What impressed the Indians most was how the Malay troopers light fire using a unique sponge-like material collected from the bark of a tree. This material, taken from the fishtail palmtree can be used for lighting fire even in pouring rain. They also showed how to survive in the jungle “using locally available resources and cooking of food with local ingredients. The repository of knowledge on survival skills and the vast operational experience in jungle operations of Malaysian Army was evident in these interactions,” said Col. Anand.
The Malays had their anti-guerilla experience under the British during what came to be called the Malayan Emergency of 1948-60, which was actually a national liberation war. It was described as an 'emergency' because insurers would not have compensated plantation and mine owners if it had been labelled a 'war' or 'insurgency' which it was.
Malaysia, then called Malaya, was a British colony, when the Malayan National Liberation Army (MNLA), the armed wing of the Malayan Communist Party (MCP), began attacking rubber plantations, mines and police stations, derailing trains and burning workers' houses. The guerillas were ethnic Chinese who set up sanctuaries in the jungles and would pressure the local people for food, supplies, recruits, and money.
As the British Malayan Army and the Commonwealth forces, under Lieutenant-General Harold Briggs, took to operations, they isolated the guerillas from the villages in the periphery of the jungles. This deprived the guerillas of their sources of food, and also created a sense of security among village population, who now were more willing to provide information.
General Gerald Templer who succeeded Briggs, followed the strategy and tactics that had been developed by Briggs. Templer placed great emphasis on the need to “win the hearts and minds of the locals”, a term still used and a tactic still practised by the Indian Army in Kashmir. As Templer said in 1952, “The answer lies not in pouring more soldiers into the jungle, but in the hearts and minds of the Malayan people… The shooting side of this business is only 25 per cent of the trouble and the other 75 lies in getting the people of this country behind us.” He also raised a number of Malay battalions which helped unite the racially divided Malayan people against the insurrection.

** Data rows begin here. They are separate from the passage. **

(* Let $m\geqslant 2$ and let $\theta_1,\dots,\theta_m\in\mathbb{R}$. Assume that there exist indices $i,j$ with $1\leqslant i<j\leqslant m$ such that $1,\theta_i,\theta_j$ are linearly independent over $\mathbb{Q}$. Then for every $\varepsilon>0$ and every $\alpha\in\mathbb{R}$ there exist $\pmb{x}=(x_1,\dots,x_m)\in\mathbb{Z}^m\setminus\{\pmb{0}\}$ and $y\in\mathbb{Z}$ such that $$\|\theta_1x_1+\dots+\theta_mx_m-\alpha\|<\frac{\varepsilon}{|\pmb{x}|}.$$
   Context: For $w\in\mathbb{R}$, $\|w\|=\min_{a\in\mathbb{Z}}|w-a|$ denotes the distance to the nearest integer. For $\pmb{x}\in\mathbb{R}^m$, $|\pmb{x}|=\max_{1\leqslant k\leqslant m}|x_k|$ is the sup-norm. (The integer $y$ is the integer nearest to $\theta_1x_1+\dots+\theta_mx_m-\alpha$, so that $|\theta_1x_1+\dots+\theta_mx_m-y-\alpha|=\|\theta_1x_1+\dots+\theta_mx_m-\alpha\|$.) *)

theory Defs
  imports Complex_Main
begin

definition dist_int :: "real \<Rightarrow> real" where
  "dist_int w = Inf ((\<lambda>a::int. \<bar>w - of_int a\<bar>) ` UNIV)"

definition supnorm :: "nat \<Rightarrow> (nat \<Rightarrow> int) \<Rightarrow> real" where
  "supnorm m x = Max ((\<lambda>k. real_of_int \<bar>x k\<bar>) ` {1..m})"

definition lin_indep_Q3 :: "real \<Rightarrow> real \<Rightarrow> real \<Rightarrow> bool" where
  "lin_indep_Q3 u v w \<longleftrightarrow>
     (\<forall>a\<in>\<rat>. \<forall>b\<in>\<rat>. \<forall>c\<in>\<rat>. a * u + b * v + c * w = 0 \<longrightarrow> a = 0 \<and> b = 0 \<and> c = 0)"

end

(*
  Only two coordinates are used: with u = \<theta> i, v = \<theta> j and 1, u, v independent over the
  rationals, it suffices to find (a, b) \<noteq> 0 with max |a| |b| * dist_int (a u + b v - \<alpha>) < \<epsilon>.
  Dirichlet's pigeonhole argument gives, for every Q, a nonzero (a, b) of size at most Q with
  a u + b v within 1/Q^2 of an integer, and independence makes this error nonzero.  Use it at a
  large scale Q2, with error e2, and then at the scale Q1 ~ \<epsilon>/|e2|, with error |e1| < 1/Q1^2.
  Writing frac \<alpha> = k e2 + j e1 + r greedily, with |r| < |e1|, |k| <~ 1/|e2| and |j| <~ |e2|/|e1|,
  the vector k x2 + j x1 approximates \<alpha> with error |r| and has size <~ Q2/|e2| + Q1 |e2|/|e1|.
  Times |e1| this is <~ Q2 |e1|/|e2| + \<epsilon>/2 < Q2 |e2|/\<epsilon>^2 + \<epsilon>/2, and Q2 |e2| < 1/Q2 is small.
*)

theory Submission
  imports Defs
begin

lemma dist_int_eq_round: "dist_int w = \<bar>w - of_int (round w)\<bar>"
  unfolding dist_int_def by (rule cInf_eq_minimum) (auto simp: round_diff_minimal)

lemma dist_int_le: "dist_int w \<le> \<bar>w - of_int z\<bar>"
  unfolding dist_int_eq_round by (rule round_diff_minimal)

lemma int_multiple_approx:
  fixes t e :: real
  assumes "e \<noteq> 0"
  obtains k :: int where "\<bar>t - of_int k * e\<bar> < \<bar>e\<bar>" "\<bar>of_int k\<bar> \<le> \<bar>t\<bar> / \<bar>e\<bar> + 1"
proof
  define k where "k = \<lfloor>t / e\<rfloor>"
  have frac: "0 \<le> t / e - k" "t / e - k < 1"
    unfolding k_def by linarith+
  have "t - of_int k * e = e * (t / e - k)"
    using assms by (simp add: field_simps)
  then have "\<bar>t - of_int k * e\<bar> = \<bar>e\<bar> * (t / e - k)"
    using frac by (simp add: abs_mult)
  also have "\<dots> < \<bar>e\<bar>"
    using assms frac by simp
  finally show "\<bar>t - of_int k * e\<bar> < \<bar>e\<bar>" .
  show "\<bar>of_int k\<bar> \<le> \<bar>t\<bar> / \<bar>e\<bar> + 1"
    using frac by (simp flip: abs_divide)
qed

lemma pigeonhole_unit_interval:
  fixes f :: "'a \<Rightarrow> real" and N :: nat
  assumes "N > 0" "finite S" "card S > N" and f: "\<And>p. p \<in> S \<Longrightarrow> 0 \<le> f p \<and> f p < 1"
  obtains p p' where "p \<in> S" "p' \<in> S" "p \<noteq> p'" "\<bar>f p - f p'\<bar> < 1 / N"
proof -
  define box where "box p = nat \<lfloor>N * f p\<rfloor>" for p
  have "box ` S \<subseteq> {..<N}"
  proof
    fix z assume "z \<in> box ` S"
    then obtain p where "p \<in> S" "z = box p" by blast
    with f[of p] \<open>N > 0\<close> show "z \<in> {..<N}"
      by (auto simp: box_def floor_less_iff nat_less_iff)
  qed
  then have "card (box ` S) \<le> N"
    by (metis card_lessThan card_mono finite_lessThan)
  then have "\<not> inj_on box S"
    using assms(3) by (metis card_image leD)
  then obtain p p' where pp': "p \<in> S" "p' \<in> S" "p \<noteq> p'" "box p = box p'"
    unfolding inj_on_def by blast
  moreover have "0 \<le> N * f p" "0 \<le> N * f p'"
    using f pp'(1,2) by simp_all
  ultimately have "\<lfloor>N * f p\<rfloor> = \<lfloor>N * f p'\<rfloor>"
    by (simp add: box_def eq_nat_nat_iff)
  then have "\<bar>N * f p - N * f p'\<bar> < 1"
    by linarith
  then have "N * \<bar>f p - f p'\<bar> < 1"
    by (simp add: abs_mult flip: right_diff_distrib)
  with pp' \<open>N > 0\<close> show ?thesis
    by (intro that[of p p']) (auto simp: field_simps)
qed
(* Let $(A,\Delta,\Delta')$ be a commutative Hopf brace over a field $k$, with antipodes $S$ (for $\Delta$) and $T$ (for $\Delta'$). Define $\rho(a)=a_{(-1)}\otimes a_{(0)}:=S(a_1)a_{21'}\otimes a_{22'}$ and $\varphi(a)=a_{[0]}\otimes a_{[1]}:=T(a_{1'})_{(-1)}a_{2'}\otimes T(a_{1'})_{(0)}a_{3'}$ for $a\in A$. Then the map $$c:A\otimes A\to A\otimes A,\qquad c(x\otimes y)=x_{(-1)}y_{[0]}\otimes x_{(0)}y_{[1]}$$ is a solution of the braid equation $(c\otimes\mathrm{id})(\mathrm{id}\otimes c)(c\otimes\mathrm{id})=(\mathrm{id}\otimes c)(c\otimes\mathrm{id})(\mathrm{id}\otimes c)$ on $A\otimes A\otimes A$.
   Context: All objects are over a field $k$. A Hopf brace $(A,\Delta,\Delta')$ consists of an algebra $(A,m,1)$ with two Hopf algebra structures $(A,m,1,\Delta,\varepsilon,S)$ and $(A,m,1,\Delta',\epsilon,T)$ on the same algebra such that for all $h\in A$: $h_{1'}\otimes h_{2'1}\otimes h_{2'2}=h_{11'}S(h_2)h_{31'}\otimes h_{12'}\otimes h_{32'}$. It is commutative if $A$ is commutative. Sweedler notation: $\Delta(h)=h_1\otimes h_2$, $\Delta'(h)=h_{1'}\otimes h_{2'}$, iterated $\Delta'$ written $h_{1'}\otimes h_{2'}\otimes h_{3'}$; $h_{21'}$ means $\Delta'$ applied to $h_2$. *)

theory Defs
  imports Main "HOL.Vector_Spaces"
begin

text \<open>Tensors over a field k are represented by formal finite sums (lists) of
pure tensors.  Two formal sums are equal as elements of the tensor product
iff all products of linear functionals agree on them (linear functionals
separate tensor products of vector spaces).\<close>

type_synonym 'a tens2 = "('a \<times> 'a) list"
type_synonym 'a tens3 = "('a \<times> 'a \<times> 'a) list"

definition lin_fun :: "('k::field \<Rightarrow> 'a::ab_group_add \<Rightarrow> 'a) \<Rightarrow> ('a \<Rightarrow> 'k) \<Rightarrow> bool" where
  "lin_fun sc f \<longleftrightarrow> Vector_Spaces.linear sc (*) f"

definition eq2 :: "('k::field \<Rightarrow> 'a::ab_group_add \<Rightarrow> 'a) \<Rightarrow> 'a tens2 \<Rightarrow> 'a tens2 \<Rightarrow> bool" where
  "eq2 sc t u \<longleftrightarrow> (\<forall>f g. lin_fun sc f \<longrightarrow> lin_fun sc g \<longrightarrow>
      sum_list [f a * g b. (a,b) \<leftarrow> t] = sum_list [f a * g b. (a,b) \<leftarrow> u])"

definition eq3 :: "('k::field \<Rightarrow> 'a::ab_group_add \<Rightarrow> 'a) \<Rightarrow> 'a tens3 \<Rightarrow> 'a tens3 \<Rightarrow> bool" where
  "eq3 sc t u \<longleftrightarrow> (\<forall>f g h. lin_fun sc f \<longrightarrow> lin_fun sc g \<longrightarrow> lin_fun sc h \<longrightarrow>
      sum_list [f a * g b * h c. (a,b,c) \<leftarrow> t] = sum_list [f a * g b * h c. (a,b,c) \<leftarrow> u])"

definition k_algebra :: "('k::field \<Rightarrow> 'a::comm_ring_1 \<Rightarrow> 'a) \<Rightarrow> bool" where
  "k_algebra sc \<longleftrightarrow> vector_space sc \<and> (\<forall>c x y. sc c (x * y) = sc c x * y)"
lemma holo_at_implicit_function:
  fixes F :: "'a::{complex_normed_vector,euclidean_space} \<times> complex \<Rightarrow> complex"
  assumes S: "open S" and holo: "\<And>x. x \<in> S \<Longrightarrow> holo_at F x"
    and inj: "inj_on (\<lambda>x. (fst x, F x)) S"
    and V: "open V" "a \<in> V"
    and h: "\<And>b. b \<in> V \<Longrightarrow> (b, h b) \<in> S" "\<And>b. b \<in> V \<Longrightarrow> F (b, h b) = 0"
    and F': "((\<lambda>t. F (a, t)) has_field_derivative F') (at (h a))" "F' \<noteq> 0"
  shows "holo_at h a"
proof (rule holo_at_transform_open[OF _ V])
  let ?g = "inv_into S (\<lambda>x. (fst x, F x))"
  have "holo_at ?g (a, 0)"
    using holo_at_inv_into_graph[OF S holo inj h(1)[OF V(2)] F'] h(2)[OF V(2)] by simp
  then show "holo_at (\<lambda>b. snd (?g (b, 0))) a"
    by (intro holo_at_snd holo_at_compose[OF holo_at_Pair[OF holo_at_ident holo_at_const]])
  show "h b = snd (?g (b, 0))" if "b \<in> V" for b
    using inv_into_f_f[OF inj h(1)[OF that]] h(2)[OF that] by simp
qed

text \<open>The bounds involving \<open>\<delta>1\<close> make \<open>contraction z u\<close> below a \<open>1/2\<close>-contraction of the disc
  \<open>|h| \<le> r\<close> into itself, for \<open>z\<close> in the annulus and \<open>|u| < \<delta>1\<close>.\<close>
locale annulus_setup = holomorphic_family \<alpha> R \<rho> \<delta> U
  for \<alpha> :: "complex \<times> (complex ^ 'n::finite) \<Rightarrow> complex" and R \<rho> \<delta> U +
  fixes k :: nat and R1 R2 :: real and \<sigma> :: "complex ^ 'n \<Rightarrow> complex" and \<theta> p :: complex
    and r \<delta>1 :: real
  assumes radii: "0 < R1" "R1 < R2" "R2 < \<rho>"
    and \<alpha>_zero_param: "\<And>z. z \<in> ball 0 R \<Longrightarrow> \<alpha> (z, 0) = 0"
    and p: "R1 < norm p" "norm p < R2"
    and holo_\<sigma>: "\<And>u. u \<in> U \<Longrightarrow> holo_at \<sigma> u"
    and \<sigma>_0: "\<sigma> 0 = \<theta> * p"
    and \<theta>: "\<theta> ^ (k + 1) = 1" "norm \<theta> = 1"
    and r: "0 < r" "r \<le> 1/4" "R2 * (1 + r) < \<rho>"
      "\<And>h::complex. norm h \<le> r \<Longrightarrow> norm ((1 + h) ^ k - 1) \<le> 1/4"
    and \<delta>1: "0 < \<delta>1" "\<delta>1 \<le> \<delta>"
    and small_\<alpha>: "\<And>w u. norm w \<le> R2 * (1 + r) \<Longrightarrow> norm u < \<delta>1 \<Longrightarrow>
      norm (\<alpha> (w, u)) \<le> R1 ^ (k + 1) / 32"
    and small_divdiff_primitive: "\<And>w u. norm w \<le> R2 * (1 + r) \<Longrightarrow> norm u < \<delta>1 \<Longrightarrow>
      norm (divdiff_primitive \<alpha> \<rho> (w, u)) \<le> r * R1 ^ (k + 1) / 8"
    and small_normalizing_constant: "\<And>u. norm u < \<delta>1 \<Longrightarrow>
      norm (normalizing_constant \<alpha> \<rho> k \<sigma> \<theta> p u) \<le> r * R1 ^ (k + 1) / 8"
    and \<sigma>_close: "\<And>u. norm u < \<delta>1 \<Longrightarrow> norm (\<sigma> u / (\<theta> * p) - 1) \<le> r"
begin

definition annulus :: "complex set" where
  "annulus = {z. R1 < norm z \<and> norm z < R2}"

definition U0 :: "(complex ^ 'n) set" where
  "U0 = ball 0 \<delta>1"

abbreviation c :: "complex ^ 'n \<Rightarrow> complex" where
  "c \<equiv> normalizing_constant \<alpha> \<rho> k \<sigma> \<theta> p"

text \<open>The equation for \<open>h\<close> in the ansatz \<open>\<phi>\<^sub>u(z) = \<theta>z(1 + h)\<close>: integrating the pullback
  identity in \<open>z\<close> and normalising the integration constant at \<open>z = p\<close> gives \<open>defect z u h = 0\<close>.\<close>
definition defect :: "complex \<Rightarrow> complex ^ 'n \<Rightarrow> complex \<Rightarrow> complex" where
  "defect z u h = omega_primitive \<alpha> \<rho> k (\<theta> * z * (1 + h), u) - z ^ (k + 1) / of_nat (k + 1)
     + \<alpha> (0, u) * Ln (1 + h) - c u"

definition defect_deriv :: "complex \<Rightarrow> complex ^ 'n \<Rightarrow> complex \<Rightarrow> complex" where
  "defect_deriv z u h = z ^ (k + 1) * (1 + h) ^ k + \<alpha> (\<theta> * z * (1 + h), u) / (1 + h)"

text \<open>A simplified Newton map: \<open>\<partial>\<^sub>h defect \<approx> z\<^sup>k\<^sup>+\<^sup>1\<close> for small \<open>h\<close> and \<open>u\<close>.\<close>
definition contraction :: "complex \<Rightarrow> complex ^ 'n \<Rightarrow> complex \<Rightarrow> complex" where
  "contraction z u h = h - defect z u h / z ^ (k + 1)"

lemma annulusD: "z \<in> annulus \<Longrightarrow> z \<noteq> 0 \<and> R1 < norm z \<and> norm z < R2"
  using radii by (auto simp: annulus_def)

lemma open_annulus: "open annulus"
proof -
  have "annulus = norm -` {R1<..<R2}" by (auto simp: annulus_def)
  then show ?thesis by (metis continuous_on_norm_id open_greaterThanLessThan open_vimage)
qed

lemma U0_subset: "u \<in> U0 \<Longrightarrow> u \<in> ball 0 \<delta> \<and> u \<in> U"
  using \<delta>1 \<delta> by (auto simp: U0_def)

lemma norm_power_annulus:
  assumes "z \<in> annulus"
  shows "R1 ^ (k + 1) \<le> norm (z ^ (k + 1))" "z ^ (k + 1) \<noteq> 0" "0 < R1 ^ (k + 1)"
proof -
  show "R1 ^ (k + 1) \<le> norm (z ^ (k + 1))" unfolding norm_power
    using annulusD[OF assms] radii by (intro power_mono) auto
qed (use annulusD[OF assms] radii in auto)

lemma norm_one_plus_small:
  assumes "norm (h::complex) \<le> r"
  shows "3/4 \<le> norm (1 + h)" "norm (1 + h) \<le> 1 + r" "1 + h \<noteq> 0" "1 + h \<notin> \<real>\<^sub>\<le>\<^sub>0"
proof -
  show "3/4 \<le> norm (1 + h)" using norm_triangle_ineq4[of "1 + h" h] assms r by simp
  then show "1 + h \<noteq> 0" by auto
  show "norm (1 + h) \<le> 1 + r" using norm_triangle_ineq[of 1 h] assms by simp
  show "1 + h \<notin> \<real>\<^sub>\<le>\<^sub>0" using one_minus_notin_nonpos_Reals[of "-h"] assms r by simp
qed

lemma norm_ansatz_bounds:
  assumes z: "z \<in> annulus" and h: "norm h \<le> r"
  shows "norm (\<theta> * z * (1 + h)) \<le> R2 * (1 + r)" "\<theta> * z * (1 + h) \<noteq> 0"
proof -
  have nz: "norm (\<theta> * z * (1 + h)) = norm z * norm (1 + h)" using \<theta> by (simp add: norm_mult)
  show "norm (\<theta> * z * (1 + h)) \<le> R2 * (1 + r)" unfolding nz
    using annulusD[OF z] norm_one_plus_small[OF h] radii r by (intro mult_mono) auto
  show "\<theta> * z * (1 + h) \<noteq> 0"
    using annulusD[OF z] norm_one_plus_small[OF h] \<theta> by auto
qed

lemma ansatz_in_D: "z \<in> annulus \<Longrightarrow> norm h \<le> r \<Longrightarrow> u \<in> U0 \<Longrightarrow> (\<theta> * z * (1 + h), u) \<in> D"
  using norm_ansatz_bounds(1)[of z h] r \<delta>1 by (auto simp: U0_def)

lemma has_field_derivative_defect:
  assumes z: "z \<in> annulus" and u: "u \<in> U0" and h: "norm h \<le> r"
  shows "((\<lambda>h. defect z u h) has_field_derivative defect_deriv z u h) (at h)"
proof -
  let ?w = "\<theta> * z * (1 + h)"
  have w0: "?w \<noteq> 0" using norm_ansatz_bounds(2)[OF z h] .
  have "((\<lambda>h. \<theta> * z * (1 + h)) has_field_derivative \<theta> * z) (at h)"
    by (auto intro!: derivative_eq_intros)
  from DERIV_chain2[OF has_field_derivative_omega_primitive[OF ansatz_in_D[OF z h u] w0] this]
  have "((\<lambda>h. omega_primitive \<alpha> \<rho> k (\<theta> * z * (1 + h), u)) has_field_derivative
      (?w ^ k + (\<alpha> (?w, u) - \<alpha> (0, u)) / ?w) * (\<theta> * z)) (at h)" .
  moreover have "((\<lambda>h. 1 + h) has_field_derivative 1) (at h)"
    by (auto intro!: derivative_eq_intros)
  from DERIV_chain2[OF has_field_derivative_Ln[OF norm_one_plus_small(4)[OF h]] this]
  have "((\<lambda>h. Ln (1 + h)) has_field_derivative inverse (1 + h)) (at h)"
    by simp
  ultimately have "((\<lambda>h. defect z u h) has_field_derivative
      (?w ^ k + (\<alpha> (?w, u) - \<alpha> (0, u)) / ?w) * (\<theta> * z) + \<alpha> (0, u) * inverse (1 + h)) (at h)"
    unfolding defect_def using norm_one_plus_small(4)[OF h] by (auto intro!: derivative_eq_intros)
  moreover have "?w ^ k * (\<theta> * z) = \<theta> ^ (k + 1) * (z ^ (k + 1) * (1 + h) ^ k)"
    by (simp only: power_mult_distrib power_Suc Suc_eq_plus1[symmetric]) (simp add: algebra_simps)
  then have "?w ^ k * (\<theta> * z) = z ^ (k + 1) * (1 + h) ^ k"
    by (metis \<theta>(1) mult_1)
  moreover have "(A1 - A0) / (t * q) * t + A0 * inverse q = A1 / q" if "t \<noteq> 0" "q \<noteq> 0"
    for A0 A1 t q :: complex
    using that by (simp add: field_simps)
  then have "(\<alpha> (?w, u) - \<alpha> (0, u)) / ?w * (\<theta> * z) + \<alpha> (0, u) * inverse (1 + h) = \<alpha> (?w, u) / (1 + h)"
    using w0 norm_one_plus_small(3)[OF h] by simp
  ultimately show ?thesis
    by (simp add: defect_deriv_def distrib_right add.assoc)
qed

lemma defect_deriv_close:
  assumes z: "z \<in> annulus" and u: "u \<in> U0" and h: "norm h \<le> r"
  shows "norm (1 - defect_deriv z u h / z ^ (k + 1)) \<le> 1/2"
proof -
  define X where "X = \<alpha> (\<theta> * z * (1 + h), u) / ((1 + h) * z ^ (k + 1))"
  have zk: "z ^ (k + 1) \<noteq> 0" "0 < R1 ^ (k + 1)" using norm_power_annulus[OF z] by auto
  have "1 - (Z * q ^ k + a / q) / Z = - (q ^ k - 1) - a / (q * Z)" if "q \<noteq> 0" "Z \<noteq> 0"
    for q Z a :: complex
    using that by (simp add: field_simps)
  then have eq: "1 - defect_deriv z u h / z ^ (k + 1) = - ((1 + h) ^ k - 1) - X"
    using zk norm_one_plus_small(3)[OF h] unfolding defect_deriv_def X_def by (simp add: mult.commute)
  have "norm X \<le> (R1 ^ (k + 1) / 32) / (3/4 * R1 ^ (k + 1))"
    unfolding X_def norm_divide norm_mult
    using small_\<alpha> norm_ansatz_bounds(1)[OF z h] u norm_one_plus_small(1)[OF h] norm_power_annulus[OF z]
    by (intro frac_le mult_mono) (auto simp: U0_def)
  also have "\<dots> = 1/24"
    using zk radii by simp
  finally have "norm X \<le> 1/24" .
  moreover have "norm (1 - defect_deriv z u h / z ^ (k + 1)) \<le> norm ((1 + h) ^ k - 1) + norm X"
    unfolding eq using norm_triangle_ineq4[of "- ((1 + h) ^ k - 1)" X] by (simp only: norm_minus_cancel)
  ultimately show ?thesis
    using r(4)[OF h] by linarith
qed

Newly arrived troops from Britain, and the locally raised Malay troops were taught how to live and fight in the jungle. Finally the insurrection was crushed, and political independence followed in 1957. In 1960, the Emergency was declared to be over.
The army of the independent nation, still steeped in British traditions, carried the lessons of the war. The Malay troops further developed the tactics during the second insurgency of the 1980s.